### [What is being asked]
The answer is to be an exact copy of the lines below running from the line with "Disj diag diag" down to the line with "set \<Rightarrow> zone set \<Rightarrow> nat", both ends included, and nothing more.

### [Material for this task]
(* For every $n\ge 0$, all finite multisets $\Gamma,\Delta$ of compound diagrams and every compound diagram $D$: (i) if $\vdash_n\Gamma\Rightarrow\Delta$ then $\vdash_n D,\Gamma\Rightarrow\Delta$; (ii) if $\vdash_n\Gamma\Rightarrow\Delta$ then $\vdash_n\Gamma\Rightarrow\Delta,D$.
   Context: Fix a countably infinite set $\mathcal V$ of propositional variables. Zones: for a finite set $L\subset\mathcal V$ (contours), a zone over $L$ is a pair $z=(\mathrm{in}(z),\mathrm{out}(z))$ of disjoint subsets of $L$ with union $L$; $\mathcal Z(L)$ is the set of all zones over $L$. Unitary diagrams are of three syntactically distinct kinds. (i) Venn diagram $d=(L,\mathcal Z(L),S)$, $S=S(d)\subseteq\mathcal Z(L)$ the shaded zones. Special Venn diagrams: $\bot=(\emptyset,\{(\emptyset,\emptyset)\},\emptyset)$, $\top=(\emptyset,\{(\emptyset,\emptyset)\},\{(\emptyset,\emptyset)\})$, the positive literal $P_c=(\{c\},\mathcal Z(\{c\}),\{(\{c\},\emptyset)\})$ and negative literal $N_c=(\{c\},\mathcal Z(\{c\}),\{(\emptyset,\{c\})\})$ for $c\in\mathcal V$. (ii) Pure Euler diagram $d=(L,Z)$, $Z\subseteq\mathcal Z(L)$ the visible zones, $M(d)=\mathcal Z(L)\setminus Z$ the missing zones. (iii) Euler–Venn diagram $d=(L,Z,S)$ with $Z\subseteq\mathcal Z(L)$, $S\subseteq Z$; $E(d)=(L,Z)$ (pure Euler), $V(d)=(L,\mathcal Z(L),S)$ (Venn). Compound diagrams: $D::=d\mid D\wedge D\mid D\vee D\mid D\to D$ ($d$ unitary). For $c\in L$, $\mathrm{adj}(z,c)$ is the zone obtained from $z$ by moving $c$ from $\mathrm{out}(z)$ to $\mathrm{in}(z)$ or from $\mathrm{in}(z)$ to $\mathrm{out}(z)$. Reduction: $z\setminus c=(\mathrm{in}(z)\setminus\{c\},\mathrm{out}(z)\setminus\{c\})$, and for a pure Euler $d=(L,Z)$, $d\setminus c=(L\setminus\{c\},\{z\setminus c:z\in Z\})$ (pure Euler). A sequent $\Gamma\Rightarrow\Delta$ consists of finite multisets of compound diagrams. The calculus $\mathbf C$ (premisses / conclusion; $\Gamma,\Delta$ arbitrary multisets, $D,E$ compound diagrams): Zero-premiss rules: axiom $P_c,\Gamma\Rightarrow\Delta,P_c$; $(\bot L)$ $\bot,\Gamma\Rightarrow\Delta$; $(\top R)$ $\Gamma\Rightarrow\Delta,\top$. $(\wedge L)$ $D,E,\Gamma\Rightarrow\Delta$ / $D\wedge E,\Gamma\Rightarrow\Delta$. $(\vee L)$ $D,\Gamma\Rightarrow\Delta$ and $E,\Gamma\Rightarrow\Delta$ / $D\vee E,\Gamma\Rightarrow\Delta$. $(\to L)$ $D\to E,\Gamma\Rightarrow D$ and $E,\Gamma\Rightarrow\Delta$ / $D\to E,\Gamma\Rightarrow\Delta$. $(\wedge R)$ $\Gamma\Rightarrow\Delta,D$ and $\Gamma\Rightarrow\Delta,E$ / $\Gamma\Rightarrow\Delta,D\wedge E$. $(\vee R)$ $\Gamma\Rightarrow\Delta,D,E$ / $\Gamma\Rightarrow\Delta,D\vee E$. $(\to R)$ $D,\Gamma\Rightarrow E$ / $\Gamma\Rightarrow\Delta,D\to E$. $(\mathrm{lit}L)$ $N_c,\Gamma\Rightarrow P_c$ / $N_c,\Gamma\Rightarrow\Delta$. $(\mathrm{lit}R)$ $P_c,\Gamma\Rightarrow$ (empty succedent) / $\Gamma\Rightarrow\Delta,N_c$. For a Venn $d=(L,\mathcal Z(L),S)$ with $|S|>1$ and $d_i=(L,\mathcal Z(L),S_i)$, $S_1\cup S_2=S$: $(\mathrm{sep}L)$ $d_1,\Gamma\Rightarrow\Delta$ and $d_2,\Gamma\Rightarrow\Delta$ / $d,\Gamma\Rightarrow\Delta$; $(\mathrm{sep}R)$ $\Gamma\Rightarrow\Delta,d_1,d_2$ / $\Gamma\Rightarrow\Delta,d$. For a Venn $d$ with $S(d)=\{z\}$, $z=(\{n_1,\dots,n_k\},\{o_1,\dots,o_l\})$: $(\mathrm{dec}L)$ $P_{n_1},\dots,P_{n_k},N_{o_1},\dots,N_{o_l},\Gamma\Rightarrow\Delta$ / $d,\Gamma\Rightarrow\Delta$; $(\mathrm{dec}R)$ $\Gamma\Rightarrow\Delta,P_{n_i}$ ($1\le i\le k$) and $\Gamma\Rightarrow\Delta,N_{o_j}$ ($1\le j\le l$) / $\Gamma\Rightarrow\Delta,d$. For a pure Euler $d=(L,Z)$ such that every $z\in M(d)$ has some $\ell\in L$ with $\mathrm{adj}(z,\ell)\in M(d)$, and $\{c_1,\dots,c_k\}\subseteq L$ the maximal set of contours with $M(d\setminus c_i)\neq\emptyset$: $(\mathrm{red}L)$ $d\setminus c_1,\dots,d\setminus c_k,\Gamma\Rightarrow\Delta$ / $d,\Gamma\Rightarrow\Delta$; $(\mathrm{red}R)$ $\Gamma\Rightarrow\Delta,d\setminus c_i$ ($1\le i\le k$) / $\Gamma\Rightarrow\Delta,d$. For a pure Euler $d=(L,Z)$ with $|M(d)|>1$ and pure Euler $d_1=(L,Z_1)$, $d_2=(L,Z_2)$ with $Z_1\cap Z_2=Z$: $(\mathrm{mzsep}L)$ $d_1,d_2,\Gamma\Rightarrow\Delta$ / $d,\Gamma\Rightarrow\Delta$; $(\mathrm{mzsep}R)$ $\Gamma\Rightarrow\Delta,d_1$ and $\Gamma\Rightarrow\Delta,d_2$ / $\Gamma\Rightarrow\Delta,d$. For a pure Euler $d$ with $M(d)=\{z\}$, $z=(\{n_1,\dots,n_k\},\{o_1,\dots,o_l\})$: $(\mathrm{impdec}L)$ $d,\Gamma\Rightarrow P_{n_i}$ ($1\le i\le k$) and $P_{o_j},\Gamma\Rightarrow\Delta$ ($1\le j\le l$) / $d,\Gamma\Rightarrow\Delta$; $(\mathrm{impdec}R)$ $P_{n_1},\dots,P_{n_k},\Gamma\Rightarrow P_{o_1},\dots,P_{o_l}$ / $\Gamma\Rightarrow\Delta,d$. For an Euler–Venn $d$: $(\mathrm{det}L)$ $d,\Gamma\Rightarrow E(d)$ and $V(d),\Gamma\Rightarrow\Delta$ / $d,\Gamma\Rightarrow\Delta$; $(\mathrm{det}R)$ $E(d),\Gamma\Rightarrow V(d)$ / $\Gamma\Rightarrow\Delta,d$. A proof of a sequent is a finite tree of rule instances with that sequent at the root and all leaves instances of zero-premiss rules. Its height is the largest number of successive rule applications along a branch (so a single zero-premiss instance has height $0$). $\vdash_n\Gamma\Rightarrow\Delta$ means that $\Gamma\Rightarrow\Delta$ has a proof of height at most $n$. *)

theory Defs
  imports Main "HOL-Library.Multiset"
begin

text \<open>Propositional variables (contours): the countably infinite set nat.\<close>

type_synonym zone = "nat set \<times> nat set"   (* (in z, out z) *)

definition zones :: "nat set \<Rightarrow> zone set" where
  "zones L = {z. fst z \<inter> snd z = {} \<and> fst z \<union> snd z = L}"

text \<open>Unitary diagrams. Venn L S stands for the Venn diagram (L, zones L, S);
  Euler L Z is the pure Euler diagram (L, Z); EulerVenn L Z S is (L, Z, S).\<close>
datatype unitary =
    Venn "nat set" "zone set"
  | Euler "nat set" "zone set"
  | EulerVenn "nat set" "zone set" "zone set"

fun wf_unitary :: "unitary \<Rightarrow> bool" where
  "wf_unitary (Venn L S) = (finite L \<and> S \<subseteq> zones L)"
| "wf_unitary (Euler L Z) = (finite L \<and> Z \<subseteq> zones L)"
| "wf_unitary (EulerVenn L Z S) = (finite L \<and> Z \<subseteq> zones L \<and> S \<subseteq> Z)"

datatype diag =
    U unitary
  | Conj diag diag
  | Disj diag diag
  | Imp diag diag

fun wf_diag :: "diag \<Rightarrow> bool" where
  "wf_diag (U d) = wf_unitary d"
| "wf_diag (Conj D E) = (wf_diag D \<and> wf_diag E)"
| "wf_diag (Disj D E) = (wf_diag D \<and> wf_diag E)"
| "wf_diag (Imp D E) = (wf_diag D \<and> wf_diag E)"

definition BotD :: unitary where "BotD = Venn {} {}"
definition TopD :: unitary where "TopD = Venn {} {({}, {})}"
definition Pos :: "nat \<Rightarrow> unitary" where "Pos c = Venn {c} {({c}, {})}"
definition Neg :: "nat \<Rightarrow> unitary" where "Neg c = Venn {c} {({}, {c})}"

definition adj :: "zone \<Rightarrow> nat \<Rightarrow> zone" where
  "adj z c = (if c \<in> fst z then (fst z - {c}, snd z \<union> {c}) else (fst z \<union> {c}, snd z - {c}))"

definition zred :: "zone \<Rightarrow> nat \<Rightarrow> zone" where
  "zred z c = (fst z - {c}, snd z - {c})"

definition missing :: "nat set \<Rightarrow> zone set \<Rightarrow> zone set" where
  "missing L Z = zones L - Z"

definition ered_L :: "nat set \<Rightarrow> nat \<Rightarrow> nat set" where
  "ered_L L c = L - {c}"

definition ered_Z :: "zone set \<Rightarrow> nat \<Rightarrow> zone set" where
  "ered_Z Z c = (\<lambda>z. zred z c) ` Z"

definition red_contours :: "nat set \<Rightarrow> zone set \<Rightarrow> nat set" where
  "red_contours L Z = {c \<in> L. missing (ered_L L c) (ered_Z Z c) \<noteq> {}}"

definition posm :: "nat set \<Rightarrow> diag multiset" where
  "posm A = image_mset (\<lambda>c. U (Pos c)) (mset_set A)"

definition negm :: "nat set \<Rightarrow> diag multiset" where
  "negm A = image_mset (\<lambda>c. U (Neg c)) (mset_set A)"

text \<open>prov n \<Gamma> \<Delta>: the sequent \<Gamma> \<Rightarrow> \<Delta> has a proof in C of height at most n.\<close>
inductive prov :: "nat \<Rightarrow> diag multiset \<Rightarrow> diag multiset \<Rightarrow> bool" where
  ax: "prov n (add_mset (U (Pos c)) \<Gamma>) (add_mset (U (Pos c)) \<Delta>)"
| botL: "prov n (add_mset (U BotD) \<Gamma>) \<Delta>"
| topR: "prov n \<Gamma> (add_mset (U TopD) \<Delta>)"
| conjL: "prov n (add_mset D (add_mset E \<Gamma>)) \<Delta> \<Longrightarrow> prov (Suc n) (add_mset (Conj D E) \<Gamma>) \<Delta>"
| disjL: "prov n (add_mset D \<Gamma>) \<Delta> \<Longrightarrow> prov n (add_mset E \<Gamma>) \<Delta> \<Longrightarrow>
          prov (Suc n) (add_mset (Disj D E) \<Gamma>) \<Delta>"
| impL: "prov n (add_mset (Imp D E) \<Gamma>) {#D#} \<Longrightarrow> prov n (add_mset E \<Gamma>) \<Delta> \<Longrightarrow>
          prov (Suc n) (add_mset (Imp D E) \<Gamma>) \<Delta>"
| conjR: "prov n \<Gamma> (add_mset D \<Delta>) \<Longrightarrow> prov n \<Gamma> (add_mset E \<Delta>) \<Longrightarrow>
          prov (Suc n) \<Gamma> (add_mset (Conj D E) \<Delta>)"
| disjR: "prov n \<Gamma> (add_mset D (add_mset E \<Delta>)) \<Longrightarrow> prov (Suc n) \<Gamma> (add_mset (Disj D E) \<Delta>)"
| impR: "prov n (add_mset D \<Gamma>) {#E#} \<Longrightarrow> prov (Suc n) \<Gamma> (add_mset (Imp D E) \<Delta>)"
| litL: "prov n (add_mset (U (Neg c)) \<Gamma>) {#U (Pos c)#} \<Longrightarrow> prov (Suc n) (add_mset (U (Neg c)) \<Gamma>) \<Delta>"
| litR: "prov n (add_mset (U (Pos c)) \<Gamma>) {#} \<Longrightarrow> prov (Suc n) \<Gamma> (add_mset (U (Neg c)) \<Delta>)"
| sepL: "\<lbrakk>wf_unitary (Venn L S); card S > 1; S1 \<union> S2 = S;
          prov n (add_mset (U (Venn L S1)) \<Gamma>) \<Delta>; prov n (add_mset (U (Venn L S2)) \<Gamma>) \<Delta>\<rbrakk>
         \<Longrightarrow> prov (Suc n) (add_mset (U (Venn L S)) \<Gamma>) \<Delta>"
| sepR: "\<lbrakk>wf_unitary (Venn L S); card S > 1; S1 \<union> S2 = S;
          prov n \<Gamma> (add_mset (U (Venn L S1)) (add_mset (U (Venn L S2)) \<Delta>))\<rbrakk>
         \<Longrightarrow> prov (Suc n) \<Gamma> (add_mset (U (Venn L S)) \<Delta>)"
| decL: "\<lbrakk>wf_unitary (Venn L {z});
          prov n (posm (fst z) + negm (snd z) + \<Gamma>) \<Delta>\<rbrakk>
         \<Longrightarrow> prov (Suc n) (add_mset (U (Venn L {z})) \<Gamma>) \<Delta>"
| decR: "\<lbrakk>wf_unitary (Venn L {z});
          \<forall>c\<in>fst z. prov n \<Gamma> (add_mset (U (Pos c)) \<Delta>);
          \<forall>c\<in>snd z. prov n \<Gamma> (add_mset (U (Neg c)) \<Delta>)\<rbrakk>
         \<Longrightarrow> prov (Suc n) \<Gamma> (add_mset (U (Venn L {z})) \<Delta>)"
| redL: "\<lbrakk>wf_unitary (Euler L Z);
          \<forall>z\<in>missing L Z. \<exists>l\<in>L. adj z l \<in> missing L Z;
          prov n (image_mset (\<lambda>c. U (Euler (ered_L L c) (ered_Z Z c))) (mset_set (red_contours L Z)) + \<Gamma>) \<Delta>\<rbrakk>
         \<Longrightarrow> prov (Suc n) (add_mset (U (Euler L Z)) \<Gamma>) \<Delta>"
| redR: "\<lbrakk>wf_unitary (Euler L Z);
          \<forall>z\<in>missing L Z. \<exists>l\<in>L. adj z l \<in> missing L Z;
          \<forall>c\<in>red_contours L Z. prov n \<Gamma> (add_mset (U (Euler (ered_L L c) (ered_Z Z c))) \<Delta>)\<rbrakk>
         \<Longrightarrow> prov (Suc n) \<Gamma> (add_mset (U (Euler L Z)) \<Delta>)"
| mzsepL: "\<lbrakk>wf_unitary (Euler L Z); card (missing L Z) > 1;
          Z1 \<subseteq> zones L; Z2 \<subseteq> zones L; Z1 \<inter> Z2 = Z;
          prov n (add_mset (U (Euler L Z1)) (add_mset (U (Euler L Z2)) \<Gamma>)) \<Delta>\<rbrakk>
         \<Longrightarrow> prov (Suc n) (add_mset (U (Euler L Z)) \<Gamma>) \<Delta>"
| mzsepR: "\<lbrakk>wf_unitary (Euler L Z); card (missing L Z) > 1;
          Z1 \<subseteq> zones L; Z2 \<subseteq> zones L; Z1 \<inter> Z2 = Z;
          prov n \<Gamma> (add_mset (U (Euler L Z1)) \<Delta>); prov n \<Gamma> (add_mset (U (Euler L Z2)) \<Delta>)\<rbrakk>
         \<Longrightarrow> prov (Suc n) \<Gamma> (add_mset (U (Euler L Z)) \<Delta>)"
| impdecL: "\<lbrakk>wf_unitary (Euler L Z); missing L Z = {z};
          \<forall>c\<in>fst z. prov n (add_mset (U (Euler L Z)) \<Gamma>) {#U (Pos c)#};
          \<forall>c\<in>snd z. prov n (add_mset (U (Pos c)) \<Gamma>) \<Delta>\<rbrakk>
         \<Longrightarrow> prov (Suc n) (add_mset (U (Euler L Z)) \<Gamma>) \<Delta>"
| impdecR: "\<lbrakk>wf_unitary (Euler L Z); missing L Z = {z};
          prov n (posm (fst z) + \<Gamma>) (posm (snd z))\<rbrakk>
         \<Longrightarrow> prov (Suc n) \<Gamma> (add_mset (U (Euler L Z)) \<Delta>)"
| detL: "\<lbrakk>wf_unitary (EulerVenn L Z S);
          prov n (add_mset (U (EulerVenn L Z S)) \<Gamma>) {#U (Euler L Z)#};
          prov n (add_mset (U (Venn L S)) \<Gamma>) \<Delta>\<rbrakk>
         \<Longrightarrow> prov (Suc n) (add_mset (U (EulerVenn L Z S)) \<Gamma>) \<Delta>"
| detR: "\<lbrakk>wf_unitary (EulerVenn L Z S);
          prov n (add_mset (U (Euler L Z)) \<Gamma>) {#U (Venn L S)#}\<rbrakk>
         \<Longrightarrow> prov (Suc n) \<Gamma> (add_mset (U (EulerVenn L Z S)) \<Delta>)"

end

theory Submission
  imports Defs
begin

text \<open>Every rule of the calculus has arbitrary side contexts \<Gamma>, \<Delta> in its conclusion, so extra
  formulas can be carried through each premiss; the premisses whose succedent is fixed
  (as in the rules for \<open>\<rightarrow>\<close>, literals and impdec) simply do not receive them.\<close>

lemma prov_weaken: "prov n \<Gamma> \<Delta> \<Longrightarrow> prov n (\<Gamma>' + \<Gamma>) (\<Delta>' + \<Delta>)"
proof (induction arbitrary: \<Delta>' rule: prov.induct)
  case ax then show ?case by (simp add: prov.ax)
next
  case botL then show ?case by (simp add: prov.botL)
next
  case topR then show ?case by (simp add: prov.topR)
next
  case conjL then show ?case by (simp add: prov.conjL)
next
  case disjL then show ?case by (simp add: prov.disjL)
next
  case (impL n D E \<Gamma> \<Delta>)
  then show ?case using prov.impL[of n D E "\<Gamma>' + \<Gamma>"] by fastforce
next
  case conjR then show ?case by (simp add: prov.conjR)
next
  case disjR then show ?case by (simp add: prov.disjR)
next
  case impR then show ?case by (simp add: prov.impR)
next
  case litL then show ?case by (simp add: prov.litL)
next
  case litR then show ?case by (simp add: prov.litR)
next
  case sepL then show ?case by (simp add: prov.sepL)
next
  case sepR then show ?case by (simp add: prov.sepR)
next
  case (decL L z n \<Gamma> \<Delta>)
  then show ?case
    using prov.decL[of L z n "\<Gamma>' + \<Gamma>" "\<Delta>' + \<Delta>"] by (simp add: ac_simps)
next
  case decR then show ?case by (simp add: prov.decR)
next
  case (redL L Z n \<Gamma> \<Delta>)
  then show ?case
    using prov.redL[of L Z n "\<Gamma>' + \<Gamma>" "\<Delta>' + \<Delta>"] by (simp add: ac_simps)
next
  case redR then show ?case by (simp add: prov.redR)
next
  case mzsepL then show ?case by (simp add: prov.mzsepL)
next
  case mzsepR then show ?case by (simp add: prov.mzsepR)
next
  case impdecL then show ?case by (simp add: prov.impdecL)
next
  case (impdecR L Z z n \<Gamma> \<Delta>)
  have "prov n (posm (fst z) + (\<Gamma>' + \<Gamma>)) (posm (snd z))"
    using impdecR.IH[of "{#}"] by (simp add: add.left_commute)
  from prov.impdecR[OF impdecR.hyps(1,2) this, of "\<Delta>' + \<Delta>"] show ?case
    by simp
next
  case detL then show ?case by (simp add: prov.detL)
next
  case detR then show ?case by (simp add: prov.detR)
qed

theorem lemma13:
  fixes n :: nat and \<Gamma> \<Delta> :: "diag multiset" and D :: diag
  assumes "wf_diag D" and "\<forall>E\<in>#\<Gamma>. wf_diag E" and "\<forall>E\<in>#\<Delta>. wf_diag E"
  shows "(prov n \<Gamma> \<Delta> \<longrightarrow> prov n (add_mset D \<Gamma>) \<Delta>) \<and>
         (prov n \<Gamma> \<Delta> \<longrightarrow> prov n \<Gamma> (add_mset D \<Delta>))"
  using prov_weaken[of n \<Gamma> \<Delta> "{#D#}" "{#}"] prov_weaken[of n \<Gamma> \<Delta> "{#}" "{#D#}"] by simp

end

### [Answer space]
  | Disj diag diag
  | Imp diag diag

fun wf_diag :: "diag \<Rightarrow> bool" where
  "wf_diag (U d) = wf_unitary d"
| "wf_diag (Conj D E) = (wf_diag D \<and> wf_diag E)"
| "wf_diag (Disj D E) = (wf_diag D \<and> wf_diag E)"
| "wf_diag (Imp D E) = (wf_diag D \<and> wf_diag E)"

definition BotD :: unitary where "BotD = Venn {} {}"
definition TopD :: unitary where "TopD = Venn {} {({}, {})}"
definition Pos :: "nat \<Rightarrow> unitary" where "Pos c = Venn {c} {({c}, {})}"
definition Neg :: "nat \<Rightarrow> unitary" where "Neg c = Venn {c} {({}, {c})}"

definition adj :: "zone \<Rightarrow> nat \<Rightarrow> zone" where
  "adj z c = (if c \<in> fst z then (fst z - {c}, snd z \<union> {c}) else (fst z \<union> {c}, snd z - {c}))"

definition zred :: "zone \<Rightarrow> nat \<Rightarrow> zone" where
  "zred z c = (fst z - {c}, snd z - {c})"

definition missing :: "nat set \<Rightarrow> zone set \<Rightarrow> zone set" where
  "missing L Z = zones L - Z"

definition ered_L :: "nat set \<Rightarrow> nat \<Rightarrow> nat set" where
  "ered_L L c = L - {c}"

definition ered_Z :: "zone set \<Rightarrow> nat \<Rightarrow> zone set" where
  "ered_Z Z c = (\<lambda>z. zred z c) ` Z"

definition red_contours :: "nat set \<Rightarrow> zone set \<Rightarrow> nat set" where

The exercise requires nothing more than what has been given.